Provided records:
• • •

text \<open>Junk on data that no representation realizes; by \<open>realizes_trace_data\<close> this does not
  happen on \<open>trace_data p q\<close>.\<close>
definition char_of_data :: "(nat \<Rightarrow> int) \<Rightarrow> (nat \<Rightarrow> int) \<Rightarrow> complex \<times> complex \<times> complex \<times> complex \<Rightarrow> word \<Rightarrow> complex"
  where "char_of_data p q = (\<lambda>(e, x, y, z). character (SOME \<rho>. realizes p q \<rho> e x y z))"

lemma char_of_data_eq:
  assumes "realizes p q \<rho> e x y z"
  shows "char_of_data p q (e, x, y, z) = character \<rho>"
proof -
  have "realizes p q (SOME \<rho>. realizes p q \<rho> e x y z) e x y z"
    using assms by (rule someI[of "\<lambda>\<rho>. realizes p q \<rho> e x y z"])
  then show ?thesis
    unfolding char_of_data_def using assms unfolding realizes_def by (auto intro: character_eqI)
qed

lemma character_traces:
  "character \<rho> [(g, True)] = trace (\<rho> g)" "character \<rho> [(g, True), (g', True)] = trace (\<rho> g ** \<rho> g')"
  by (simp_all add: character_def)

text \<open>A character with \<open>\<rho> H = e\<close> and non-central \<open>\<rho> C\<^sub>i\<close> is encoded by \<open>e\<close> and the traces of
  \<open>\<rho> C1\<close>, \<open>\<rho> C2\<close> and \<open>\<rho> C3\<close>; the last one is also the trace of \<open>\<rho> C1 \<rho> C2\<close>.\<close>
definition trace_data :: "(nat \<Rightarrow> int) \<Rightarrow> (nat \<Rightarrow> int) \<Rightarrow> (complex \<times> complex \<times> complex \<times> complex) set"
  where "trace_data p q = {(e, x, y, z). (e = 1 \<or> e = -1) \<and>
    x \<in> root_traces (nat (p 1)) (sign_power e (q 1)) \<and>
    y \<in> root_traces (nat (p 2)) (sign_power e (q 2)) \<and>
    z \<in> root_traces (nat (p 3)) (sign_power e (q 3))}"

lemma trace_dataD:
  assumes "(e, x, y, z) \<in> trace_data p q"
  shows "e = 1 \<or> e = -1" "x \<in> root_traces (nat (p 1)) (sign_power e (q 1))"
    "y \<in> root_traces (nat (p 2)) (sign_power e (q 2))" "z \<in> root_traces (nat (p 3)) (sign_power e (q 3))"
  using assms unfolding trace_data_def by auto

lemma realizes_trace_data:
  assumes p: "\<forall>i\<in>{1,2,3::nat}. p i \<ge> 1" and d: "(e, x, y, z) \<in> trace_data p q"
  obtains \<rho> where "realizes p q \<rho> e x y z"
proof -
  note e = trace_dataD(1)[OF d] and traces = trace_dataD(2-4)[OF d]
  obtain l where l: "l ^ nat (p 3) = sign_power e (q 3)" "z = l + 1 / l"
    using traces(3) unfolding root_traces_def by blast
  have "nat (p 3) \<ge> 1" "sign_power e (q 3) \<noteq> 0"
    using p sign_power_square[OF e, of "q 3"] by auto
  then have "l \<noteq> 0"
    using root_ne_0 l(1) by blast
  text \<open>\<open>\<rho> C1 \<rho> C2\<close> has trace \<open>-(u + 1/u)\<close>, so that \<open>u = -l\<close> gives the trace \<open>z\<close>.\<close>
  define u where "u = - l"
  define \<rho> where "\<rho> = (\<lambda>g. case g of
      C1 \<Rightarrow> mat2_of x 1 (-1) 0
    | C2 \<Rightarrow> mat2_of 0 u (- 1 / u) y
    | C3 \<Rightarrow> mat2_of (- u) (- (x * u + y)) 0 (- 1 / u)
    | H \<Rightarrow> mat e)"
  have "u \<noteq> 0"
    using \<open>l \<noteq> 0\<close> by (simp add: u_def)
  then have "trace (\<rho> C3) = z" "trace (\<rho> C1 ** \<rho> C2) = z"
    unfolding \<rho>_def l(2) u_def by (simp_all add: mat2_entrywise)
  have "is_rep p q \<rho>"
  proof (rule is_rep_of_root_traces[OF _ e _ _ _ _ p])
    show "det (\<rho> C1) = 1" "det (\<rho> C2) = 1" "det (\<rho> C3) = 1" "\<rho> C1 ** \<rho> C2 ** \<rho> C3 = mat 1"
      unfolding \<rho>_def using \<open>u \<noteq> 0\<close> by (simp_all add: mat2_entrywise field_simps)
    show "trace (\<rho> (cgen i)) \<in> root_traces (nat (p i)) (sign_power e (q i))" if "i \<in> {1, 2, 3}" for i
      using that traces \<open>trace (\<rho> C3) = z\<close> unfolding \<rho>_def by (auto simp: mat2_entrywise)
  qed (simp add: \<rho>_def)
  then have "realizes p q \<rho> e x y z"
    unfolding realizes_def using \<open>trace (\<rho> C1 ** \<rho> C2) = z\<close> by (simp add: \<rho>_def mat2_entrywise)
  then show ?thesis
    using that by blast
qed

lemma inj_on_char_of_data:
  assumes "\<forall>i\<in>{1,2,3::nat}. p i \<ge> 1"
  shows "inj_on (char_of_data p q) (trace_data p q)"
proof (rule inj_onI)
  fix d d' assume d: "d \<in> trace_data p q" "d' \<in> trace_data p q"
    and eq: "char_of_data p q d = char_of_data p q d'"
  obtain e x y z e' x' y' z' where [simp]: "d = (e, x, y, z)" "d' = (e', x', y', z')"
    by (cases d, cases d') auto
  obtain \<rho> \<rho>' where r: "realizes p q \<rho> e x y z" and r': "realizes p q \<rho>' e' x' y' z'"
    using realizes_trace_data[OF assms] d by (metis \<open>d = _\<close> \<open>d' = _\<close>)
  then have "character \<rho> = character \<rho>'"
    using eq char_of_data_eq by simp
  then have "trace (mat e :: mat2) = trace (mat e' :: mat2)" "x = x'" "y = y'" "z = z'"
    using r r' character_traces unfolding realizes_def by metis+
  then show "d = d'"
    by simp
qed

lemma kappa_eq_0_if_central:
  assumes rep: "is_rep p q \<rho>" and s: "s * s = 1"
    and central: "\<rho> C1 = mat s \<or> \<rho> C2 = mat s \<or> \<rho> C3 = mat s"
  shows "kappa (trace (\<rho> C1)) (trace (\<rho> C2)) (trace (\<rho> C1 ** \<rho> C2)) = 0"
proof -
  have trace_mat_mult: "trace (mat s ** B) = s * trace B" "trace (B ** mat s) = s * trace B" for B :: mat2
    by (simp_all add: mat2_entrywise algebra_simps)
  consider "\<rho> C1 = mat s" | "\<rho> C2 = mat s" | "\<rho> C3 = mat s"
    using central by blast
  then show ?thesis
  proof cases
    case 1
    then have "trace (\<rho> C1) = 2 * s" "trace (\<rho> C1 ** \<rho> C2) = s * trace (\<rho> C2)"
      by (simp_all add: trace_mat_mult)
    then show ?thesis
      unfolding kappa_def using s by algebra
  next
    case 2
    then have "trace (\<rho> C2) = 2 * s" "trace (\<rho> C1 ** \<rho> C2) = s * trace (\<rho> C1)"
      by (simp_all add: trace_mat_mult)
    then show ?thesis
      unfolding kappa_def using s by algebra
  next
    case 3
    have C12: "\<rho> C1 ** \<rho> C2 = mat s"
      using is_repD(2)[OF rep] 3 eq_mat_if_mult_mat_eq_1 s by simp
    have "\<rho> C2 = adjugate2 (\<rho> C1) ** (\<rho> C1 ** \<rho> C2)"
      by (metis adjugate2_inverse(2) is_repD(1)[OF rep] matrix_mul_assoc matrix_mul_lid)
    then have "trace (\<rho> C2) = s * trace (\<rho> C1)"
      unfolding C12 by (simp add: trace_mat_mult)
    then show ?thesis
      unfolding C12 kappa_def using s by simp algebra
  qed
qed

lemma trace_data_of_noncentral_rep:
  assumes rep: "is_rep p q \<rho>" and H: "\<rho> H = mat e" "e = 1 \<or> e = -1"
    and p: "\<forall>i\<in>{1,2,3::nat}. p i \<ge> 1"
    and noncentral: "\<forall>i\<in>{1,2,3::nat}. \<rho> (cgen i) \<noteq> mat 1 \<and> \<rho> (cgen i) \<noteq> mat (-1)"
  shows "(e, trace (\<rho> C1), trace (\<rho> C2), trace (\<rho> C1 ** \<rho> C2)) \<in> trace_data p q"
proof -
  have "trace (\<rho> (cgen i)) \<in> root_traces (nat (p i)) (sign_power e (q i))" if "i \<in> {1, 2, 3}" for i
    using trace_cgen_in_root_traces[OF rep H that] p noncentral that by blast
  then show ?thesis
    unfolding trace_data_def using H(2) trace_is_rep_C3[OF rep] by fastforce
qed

• • •

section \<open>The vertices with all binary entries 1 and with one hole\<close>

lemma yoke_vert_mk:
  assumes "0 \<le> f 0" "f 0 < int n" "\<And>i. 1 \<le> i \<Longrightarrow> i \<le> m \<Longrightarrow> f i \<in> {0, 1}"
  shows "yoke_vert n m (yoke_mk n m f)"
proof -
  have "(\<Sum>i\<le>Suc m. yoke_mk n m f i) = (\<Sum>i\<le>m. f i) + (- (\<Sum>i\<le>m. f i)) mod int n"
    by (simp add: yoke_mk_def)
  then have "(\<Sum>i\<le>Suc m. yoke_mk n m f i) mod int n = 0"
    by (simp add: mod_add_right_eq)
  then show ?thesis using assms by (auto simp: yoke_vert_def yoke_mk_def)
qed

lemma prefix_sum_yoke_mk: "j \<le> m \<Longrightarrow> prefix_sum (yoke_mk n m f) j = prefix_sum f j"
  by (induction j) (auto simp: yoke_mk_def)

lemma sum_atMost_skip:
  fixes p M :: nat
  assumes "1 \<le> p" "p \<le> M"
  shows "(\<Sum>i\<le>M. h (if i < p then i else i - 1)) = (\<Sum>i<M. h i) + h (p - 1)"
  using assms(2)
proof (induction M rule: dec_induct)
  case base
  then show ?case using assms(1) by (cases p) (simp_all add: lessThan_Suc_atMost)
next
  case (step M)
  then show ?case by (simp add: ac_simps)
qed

• • •

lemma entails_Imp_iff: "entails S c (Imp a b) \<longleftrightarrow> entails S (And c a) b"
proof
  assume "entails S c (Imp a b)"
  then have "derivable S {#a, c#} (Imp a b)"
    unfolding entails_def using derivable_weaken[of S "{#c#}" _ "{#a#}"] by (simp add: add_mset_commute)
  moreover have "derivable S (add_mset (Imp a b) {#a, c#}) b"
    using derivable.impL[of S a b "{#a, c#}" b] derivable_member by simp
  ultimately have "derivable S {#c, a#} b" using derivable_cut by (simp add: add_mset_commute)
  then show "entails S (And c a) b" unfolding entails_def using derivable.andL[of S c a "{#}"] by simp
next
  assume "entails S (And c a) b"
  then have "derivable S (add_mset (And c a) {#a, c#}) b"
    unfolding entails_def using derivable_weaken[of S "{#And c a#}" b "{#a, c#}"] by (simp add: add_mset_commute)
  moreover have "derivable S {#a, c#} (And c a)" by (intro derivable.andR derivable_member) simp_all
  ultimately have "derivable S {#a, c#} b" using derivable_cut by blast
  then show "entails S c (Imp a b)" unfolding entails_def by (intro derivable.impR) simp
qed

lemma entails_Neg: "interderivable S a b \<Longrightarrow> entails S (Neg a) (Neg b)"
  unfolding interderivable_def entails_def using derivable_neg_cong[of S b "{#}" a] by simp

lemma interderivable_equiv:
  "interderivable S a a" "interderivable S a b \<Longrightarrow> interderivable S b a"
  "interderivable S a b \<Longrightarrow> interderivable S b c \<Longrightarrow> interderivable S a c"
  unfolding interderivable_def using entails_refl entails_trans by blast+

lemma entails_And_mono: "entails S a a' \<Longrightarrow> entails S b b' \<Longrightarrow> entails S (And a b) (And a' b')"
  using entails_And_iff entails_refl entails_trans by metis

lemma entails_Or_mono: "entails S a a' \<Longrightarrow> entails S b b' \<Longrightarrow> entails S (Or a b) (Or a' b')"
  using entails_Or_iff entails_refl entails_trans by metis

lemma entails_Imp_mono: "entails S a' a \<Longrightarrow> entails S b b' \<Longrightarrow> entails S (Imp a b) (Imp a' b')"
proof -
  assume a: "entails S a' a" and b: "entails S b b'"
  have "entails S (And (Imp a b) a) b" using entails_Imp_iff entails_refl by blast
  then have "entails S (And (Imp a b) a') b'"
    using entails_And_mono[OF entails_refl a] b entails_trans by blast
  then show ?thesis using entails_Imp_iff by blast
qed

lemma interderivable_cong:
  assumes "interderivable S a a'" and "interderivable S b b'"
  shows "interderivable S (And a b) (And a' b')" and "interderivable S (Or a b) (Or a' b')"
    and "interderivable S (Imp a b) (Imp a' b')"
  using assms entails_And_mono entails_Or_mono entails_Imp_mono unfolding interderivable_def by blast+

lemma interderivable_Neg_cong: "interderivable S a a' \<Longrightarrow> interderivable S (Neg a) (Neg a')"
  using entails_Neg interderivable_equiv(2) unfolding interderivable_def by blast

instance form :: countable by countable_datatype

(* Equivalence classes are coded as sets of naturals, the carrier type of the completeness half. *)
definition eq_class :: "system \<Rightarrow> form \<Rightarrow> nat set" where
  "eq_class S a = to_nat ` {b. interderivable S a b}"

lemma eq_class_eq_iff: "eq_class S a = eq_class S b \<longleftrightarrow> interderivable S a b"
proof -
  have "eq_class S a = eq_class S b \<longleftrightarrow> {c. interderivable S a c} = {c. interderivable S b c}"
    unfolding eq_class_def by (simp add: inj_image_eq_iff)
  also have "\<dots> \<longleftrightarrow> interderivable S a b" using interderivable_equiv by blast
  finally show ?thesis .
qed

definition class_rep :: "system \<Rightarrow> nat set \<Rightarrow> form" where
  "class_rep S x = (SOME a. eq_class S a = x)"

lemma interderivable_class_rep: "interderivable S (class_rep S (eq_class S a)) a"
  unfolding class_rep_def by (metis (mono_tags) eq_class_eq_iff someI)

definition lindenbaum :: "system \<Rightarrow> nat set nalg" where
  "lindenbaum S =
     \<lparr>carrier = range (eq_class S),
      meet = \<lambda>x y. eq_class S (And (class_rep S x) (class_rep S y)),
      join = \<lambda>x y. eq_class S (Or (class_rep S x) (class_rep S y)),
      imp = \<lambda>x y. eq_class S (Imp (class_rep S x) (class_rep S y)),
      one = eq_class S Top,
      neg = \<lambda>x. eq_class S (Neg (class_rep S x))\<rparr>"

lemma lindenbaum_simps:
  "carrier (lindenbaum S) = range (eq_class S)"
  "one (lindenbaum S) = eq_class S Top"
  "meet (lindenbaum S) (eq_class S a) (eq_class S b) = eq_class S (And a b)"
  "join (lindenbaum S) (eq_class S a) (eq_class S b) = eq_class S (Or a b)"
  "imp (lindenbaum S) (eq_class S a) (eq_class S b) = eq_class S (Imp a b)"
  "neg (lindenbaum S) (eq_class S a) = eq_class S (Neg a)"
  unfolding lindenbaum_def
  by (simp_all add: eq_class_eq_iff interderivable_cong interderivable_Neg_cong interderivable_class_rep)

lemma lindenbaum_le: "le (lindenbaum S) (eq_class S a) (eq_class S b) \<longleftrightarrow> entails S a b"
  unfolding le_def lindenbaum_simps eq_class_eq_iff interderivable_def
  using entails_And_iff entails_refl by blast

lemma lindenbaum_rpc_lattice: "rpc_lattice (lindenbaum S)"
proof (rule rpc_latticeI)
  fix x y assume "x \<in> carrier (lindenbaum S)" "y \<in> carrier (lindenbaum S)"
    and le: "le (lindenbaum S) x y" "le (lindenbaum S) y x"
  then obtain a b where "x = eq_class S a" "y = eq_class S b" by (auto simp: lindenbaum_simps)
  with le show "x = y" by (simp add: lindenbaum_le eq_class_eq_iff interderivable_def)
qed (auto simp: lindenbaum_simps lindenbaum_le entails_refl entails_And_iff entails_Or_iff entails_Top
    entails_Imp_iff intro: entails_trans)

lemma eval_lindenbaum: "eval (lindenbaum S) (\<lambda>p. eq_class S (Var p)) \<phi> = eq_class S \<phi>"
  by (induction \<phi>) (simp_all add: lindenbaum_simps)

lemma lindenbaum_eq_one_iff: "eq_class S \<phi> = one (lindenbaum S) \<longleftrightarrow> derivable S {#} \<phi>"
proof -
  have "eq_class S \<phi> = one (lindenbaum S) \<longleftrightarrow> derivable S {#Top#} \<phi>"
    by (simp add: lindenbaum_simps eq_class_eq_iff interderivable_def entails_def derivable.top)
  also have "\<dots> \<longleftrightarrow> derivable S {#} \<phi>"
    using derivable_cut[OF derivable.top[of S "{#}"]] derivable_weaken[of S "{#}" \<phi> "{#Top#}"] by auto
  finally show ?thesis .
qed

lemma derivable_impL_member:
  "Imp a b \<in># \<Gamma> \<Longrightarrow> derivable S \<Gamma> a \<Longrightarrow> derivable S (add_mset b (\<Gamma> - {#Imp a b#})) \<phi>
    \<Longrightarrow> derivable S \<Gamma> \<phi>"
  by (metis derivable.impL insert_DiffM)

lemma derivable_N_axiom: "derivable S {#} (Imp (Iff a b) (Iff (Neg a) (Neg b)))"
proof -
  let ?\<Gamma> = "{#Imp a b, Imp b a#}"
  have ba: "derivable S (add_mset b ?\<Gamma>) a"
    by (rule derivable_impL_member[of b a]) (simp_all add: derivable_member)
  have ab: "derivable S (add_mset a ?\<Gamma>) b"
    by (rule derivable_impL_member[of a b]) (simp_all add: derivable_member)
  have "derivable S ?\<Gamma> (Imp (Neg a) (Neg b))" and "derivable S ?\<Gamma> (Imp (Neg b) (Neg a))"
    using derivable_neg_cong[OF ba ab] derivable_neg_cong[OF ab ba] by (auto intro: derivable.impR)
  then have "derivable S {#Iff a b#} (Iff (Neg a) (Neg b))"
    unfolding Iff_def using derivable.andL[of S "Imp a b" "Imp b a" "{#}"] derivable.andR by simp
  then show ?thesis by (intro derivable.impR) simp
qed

• • •

Activity:
Check each line of the data for the string "range" and state how many lines contain it, without any other output.

Result of the exercise:
2